Your task:
Set down exactly, from the records below, the line with "using v by simp" through the line with "(v x)\<bar> \<le>", and nothing else.

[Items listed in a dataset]
• • • • •
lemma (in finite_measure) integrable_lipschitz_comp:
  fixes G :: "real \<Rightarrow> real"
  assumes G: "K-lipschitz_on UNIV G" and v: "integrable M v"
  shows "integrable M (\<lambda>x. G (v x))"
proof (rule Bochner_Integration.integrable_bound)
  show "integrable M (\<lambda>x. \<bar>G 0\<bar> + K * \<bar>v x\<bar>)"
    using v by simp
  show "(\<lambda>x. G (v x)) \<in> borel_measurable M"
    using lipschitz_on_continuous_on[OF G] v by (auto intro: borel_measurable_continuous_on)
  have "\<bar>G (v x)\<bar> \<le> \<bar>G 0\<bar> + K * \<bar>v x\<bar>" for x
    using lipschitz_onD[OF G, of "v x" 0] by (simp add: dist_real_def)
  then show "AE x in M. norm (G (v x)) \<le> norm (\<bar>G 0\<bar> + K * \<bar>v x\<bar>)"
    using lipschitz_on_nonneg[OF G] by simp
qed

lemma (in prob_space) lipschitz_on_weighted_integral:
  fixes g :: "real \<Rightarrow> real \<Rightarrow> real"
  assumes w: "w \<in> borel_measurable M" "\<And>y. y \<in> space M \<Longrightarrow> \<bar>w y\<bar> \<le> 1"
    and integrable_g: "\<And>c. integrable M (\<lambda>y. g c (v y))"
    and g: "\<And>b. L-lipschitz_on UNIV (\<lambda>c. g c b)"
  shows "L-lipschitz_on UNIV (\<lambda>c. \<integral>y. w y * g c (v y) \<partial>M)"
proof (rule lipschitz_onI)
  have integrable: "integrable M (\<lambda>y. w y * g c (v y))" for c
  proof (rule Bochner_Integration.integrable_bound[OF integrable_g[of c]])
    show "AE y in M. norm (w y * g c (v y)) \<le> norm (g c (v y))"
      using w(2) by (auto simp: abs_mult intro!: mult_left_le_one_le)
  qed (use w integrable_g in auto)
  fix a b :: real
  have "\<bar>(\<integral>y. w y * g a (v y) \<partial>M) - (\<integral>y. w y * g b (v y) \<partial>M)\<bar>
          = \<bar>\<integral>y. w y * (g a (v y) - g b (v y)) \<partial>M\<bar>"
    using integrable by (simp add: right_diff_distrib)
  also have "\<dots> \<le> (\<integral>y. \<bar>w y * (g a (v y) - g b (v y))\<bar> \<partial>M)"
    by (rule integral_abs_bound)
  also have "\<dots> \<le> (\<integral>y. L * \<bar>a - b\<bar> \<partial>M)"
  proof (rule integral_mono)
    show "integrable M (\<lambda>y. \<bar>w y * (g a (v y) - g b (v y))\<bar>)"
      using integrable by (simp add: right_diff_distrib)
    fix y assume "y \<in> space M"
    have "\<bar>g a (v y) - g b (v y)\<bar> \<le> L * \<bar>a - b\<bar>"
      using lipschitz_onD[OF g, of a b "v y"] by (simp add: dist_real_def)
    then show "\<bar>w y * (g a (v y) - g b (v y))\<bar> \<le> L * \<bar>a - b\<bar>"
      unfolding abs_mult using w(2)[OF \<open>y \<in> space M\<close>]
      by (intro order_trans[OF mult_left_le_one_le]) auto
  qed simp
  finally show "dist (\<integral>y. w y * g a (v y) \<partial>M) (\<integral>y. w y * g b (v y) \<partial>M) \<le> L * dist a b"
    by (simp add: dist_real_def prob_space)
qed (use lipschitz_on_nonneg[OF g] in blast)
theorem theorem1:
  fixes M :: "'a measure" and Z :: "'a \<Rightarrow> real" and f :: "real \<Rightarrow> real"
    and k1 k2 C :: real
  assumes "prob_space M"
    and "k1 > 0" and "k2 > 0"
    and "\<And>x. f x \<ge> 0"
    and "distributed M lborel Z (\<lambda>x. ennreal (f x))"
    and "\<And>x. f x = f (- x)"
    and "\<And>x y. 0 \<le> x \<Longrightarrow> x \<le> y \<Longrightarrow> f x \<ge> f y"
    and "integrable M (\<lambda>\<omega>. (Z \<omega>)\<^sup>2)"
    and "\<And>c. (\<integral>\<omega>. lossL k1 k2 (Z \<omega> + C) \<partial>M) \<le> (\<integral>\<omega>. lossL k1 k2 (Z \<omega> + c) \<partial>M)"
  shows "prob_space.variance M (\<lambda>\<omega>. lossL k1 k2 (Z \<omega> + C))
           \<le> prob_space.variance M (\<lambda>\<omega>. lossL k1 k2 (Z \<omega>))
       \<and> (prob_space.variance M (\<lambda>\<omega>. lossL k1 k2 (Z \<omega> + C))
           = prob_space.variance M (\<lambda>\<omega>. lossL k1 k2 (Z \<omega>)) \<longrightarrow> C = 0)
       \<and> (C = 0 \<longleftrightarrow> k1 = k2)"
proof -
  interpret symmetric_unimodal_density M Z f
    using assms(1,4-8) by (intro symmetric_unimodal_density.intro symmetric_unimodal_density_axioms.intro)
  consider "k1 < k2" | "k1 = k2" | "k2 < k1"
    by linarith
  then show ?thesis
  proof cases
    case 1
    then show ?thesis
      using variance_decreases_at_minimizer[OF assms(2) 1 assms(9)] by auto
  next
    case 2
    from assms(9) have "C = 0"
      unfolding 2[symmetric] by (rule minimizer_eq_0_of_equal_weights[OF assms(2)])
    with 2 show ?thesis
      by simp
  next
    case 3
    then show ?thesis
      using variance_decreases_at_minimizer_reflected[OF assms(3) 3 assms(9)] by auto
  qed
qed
• • • • •
Reply to the task:
    using v by simp
  show "(\<lambda>x. G (v x)) \<in> borel_measurable M"
    using lipschitz_on_continuous_on[OF G] v by (auto intro: borel_measurable_continuous_on)
  have "\<bar>G (v x)\<bar> \<le> \<bar>G 0\<bar> + K * \<bar>v x\<bar>" for x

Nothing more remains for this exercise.